**Task item:** Starting at the first line of the data below, write out each line exactly until you reach the line containing "by (simp add: C_def M_def n_def)", and include that line too.

**Data shown:**

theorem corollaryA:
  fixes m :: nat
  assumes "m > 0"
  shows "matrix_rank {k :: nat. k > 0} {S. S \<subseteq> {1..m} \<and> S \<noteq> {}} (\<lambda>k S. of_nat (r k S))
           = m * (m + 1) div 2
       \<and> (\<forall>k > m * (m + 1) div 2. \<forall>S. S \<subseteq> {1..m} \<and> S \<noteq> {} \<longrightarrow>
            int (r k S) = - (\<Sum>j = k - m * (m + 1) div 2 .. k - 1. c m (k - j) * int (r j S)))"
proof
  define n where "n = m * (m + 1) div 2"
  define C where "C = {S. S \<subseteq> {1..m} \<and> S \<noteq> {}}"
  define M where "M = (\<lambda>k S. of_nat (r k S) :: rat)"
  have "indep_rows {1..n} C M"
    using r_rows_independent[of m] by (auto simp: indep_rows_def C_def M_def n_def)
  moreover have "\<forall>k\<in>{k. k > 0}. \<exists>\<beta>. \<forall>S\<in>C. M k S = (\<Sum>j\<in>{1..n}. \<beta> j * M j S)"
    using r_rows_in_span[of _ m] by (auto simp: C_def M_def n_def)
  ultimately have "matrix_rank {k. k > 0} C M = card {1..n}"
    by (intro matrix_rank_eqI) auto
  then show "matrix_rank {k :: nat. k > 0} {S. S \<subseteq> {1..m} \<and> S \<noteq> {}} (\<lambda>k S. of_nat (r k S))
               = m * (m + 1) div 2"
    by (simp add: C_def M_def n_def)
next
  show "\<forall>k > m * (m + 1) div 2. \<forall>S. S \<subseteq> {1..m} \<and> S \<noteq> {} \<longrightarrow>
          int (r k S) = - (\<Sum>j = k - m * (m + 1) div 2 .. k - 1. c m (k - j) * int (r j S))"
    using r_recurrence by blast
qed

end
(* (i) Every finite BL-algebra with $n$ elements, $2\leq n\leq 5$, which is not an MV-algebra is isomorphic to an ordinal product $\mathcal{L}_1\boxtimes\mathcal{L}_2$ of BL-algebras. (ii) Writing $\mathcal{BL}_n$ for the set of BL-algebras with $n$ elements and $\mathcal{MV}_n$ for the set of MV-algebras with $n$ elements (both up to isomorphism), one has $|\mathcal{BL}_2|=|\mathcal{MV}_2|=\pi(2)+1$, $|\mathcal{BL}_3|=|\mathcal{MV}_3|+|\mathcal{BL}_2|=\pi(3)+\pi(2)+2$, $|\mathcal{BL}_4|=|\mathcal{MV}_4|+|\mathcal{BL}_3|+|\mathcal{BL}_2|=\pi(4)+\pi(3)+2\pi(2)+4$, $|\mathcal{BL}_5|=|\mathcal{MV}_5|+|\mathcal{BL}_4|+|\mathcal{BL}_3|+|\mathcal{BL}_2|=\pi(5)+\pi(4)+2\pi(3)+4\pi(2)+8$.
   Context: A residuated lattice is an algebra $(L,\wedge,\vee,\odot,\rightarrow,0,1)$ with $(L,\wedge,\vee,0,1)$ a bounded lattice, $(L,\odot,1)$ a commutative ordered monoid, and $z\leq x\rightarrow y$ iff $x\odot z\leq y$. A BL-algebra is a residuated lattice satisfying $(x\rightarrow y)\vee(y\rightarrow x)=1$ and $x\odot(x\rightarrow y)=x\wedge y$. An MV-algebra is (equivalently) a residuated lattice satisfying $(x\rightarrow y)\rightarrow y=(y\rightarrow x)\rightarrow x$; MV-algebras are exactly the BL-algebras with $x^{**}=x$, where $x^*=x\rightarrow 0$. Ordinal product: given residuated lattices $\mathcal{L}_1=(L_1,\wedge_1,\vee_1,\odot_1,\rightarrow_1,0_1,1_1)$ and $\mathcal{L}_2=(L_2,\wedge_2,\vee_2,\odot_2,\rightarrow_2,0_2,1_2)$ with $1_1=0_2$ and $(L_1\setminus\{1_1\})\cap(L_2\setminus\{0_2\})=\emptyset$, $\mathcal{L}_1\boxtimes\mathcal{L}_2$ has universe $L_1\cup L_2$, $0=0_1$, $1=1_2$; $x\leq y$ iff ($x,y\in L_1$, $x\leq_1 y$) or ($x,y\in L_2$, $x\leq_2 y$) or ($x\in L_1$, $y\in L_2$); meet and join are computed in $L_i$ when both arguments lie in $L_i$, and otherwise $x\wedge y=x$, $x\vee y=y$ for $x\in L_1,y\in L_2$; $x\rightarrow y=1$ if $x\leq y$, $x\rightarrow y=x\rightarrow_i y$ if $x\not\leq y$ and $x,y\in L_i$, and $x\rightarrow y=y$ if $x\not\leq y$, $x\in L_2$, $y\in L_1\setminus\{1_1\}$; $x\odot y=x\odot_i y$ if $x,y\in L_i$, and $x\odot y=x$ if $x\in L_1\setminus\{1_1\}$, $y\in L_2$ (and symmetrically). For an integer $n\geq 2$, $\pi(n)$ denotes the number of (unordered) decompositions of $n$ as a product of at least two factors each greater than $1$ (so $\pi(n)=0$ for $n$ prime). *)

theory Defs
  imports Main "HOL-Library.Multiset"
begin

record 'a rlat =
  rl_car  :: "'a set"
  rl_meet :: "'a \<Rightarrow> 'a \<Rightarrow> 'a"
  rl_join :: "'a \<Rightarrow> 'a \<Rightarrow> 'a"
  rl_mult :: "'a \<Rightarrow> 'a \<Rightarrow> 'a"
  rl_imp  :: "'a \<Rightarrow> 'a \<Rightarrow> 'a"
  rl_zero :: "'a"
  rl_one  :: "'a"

**Output of the exercise:**
theorem corollaryA:
  fixes m :: nat
  assumes "m > 0"
  shows "matrix_rank {k :: nat. k > 0} {S. S \<subseteq> {1..m} \<and> S \<noteq> {}} (\<lambda>k S. of_nat (r k S))
           = m * (m + 1) div 2
       \<and> (\<forall>k > m * (m + 1) div 2. \<forall>S. S \<subseteq> {1..m} \<and> S \<noteq> {} \<longrightarrow>
            int (r k S) = - (\<Sum>j = k - m * (m + 1) div 2 .. k - 1. c m (k - j) * int (r j S)))"
proof
  define n where "n = m * (m + 1) div 2"
  define C where "C = {S. S \<subseteq> {1..m} \<and> S \<noteq> {}}"
  define M where "M = (\<lambda>k S. of_nat (r k S) :: rat)"
  have "indep_rows {1..n} C M"
    using r_rows_independent[of m] by (auto simp: indep_rows_def C_def M_def n_def)
  moreover have "\<forall>k\<in>{k. k > 0}. \<exists>\<beta>. \<forall>S\<in>C. M k S = (\<Sum>j\<in>{1..n}. \<beta> j * M j S)"
    using r_rows_in_span[of _ m] by (auto simp: C_def M_def n_def)
  ultimately have "matrix_rank {k. k > 0} C M = card {1..n}"
    by (intro matrix_rank_eqI) auto
  then show "matrix_rank {k :: nat. k > 0} {S. S \<subseteq> {1..m} \<and> S \<noteq> {}} (\<lambda>k S. of_nat (r k S))
               = m * (m + 1) div 2"
    by (simp add: C_def M_def n_def)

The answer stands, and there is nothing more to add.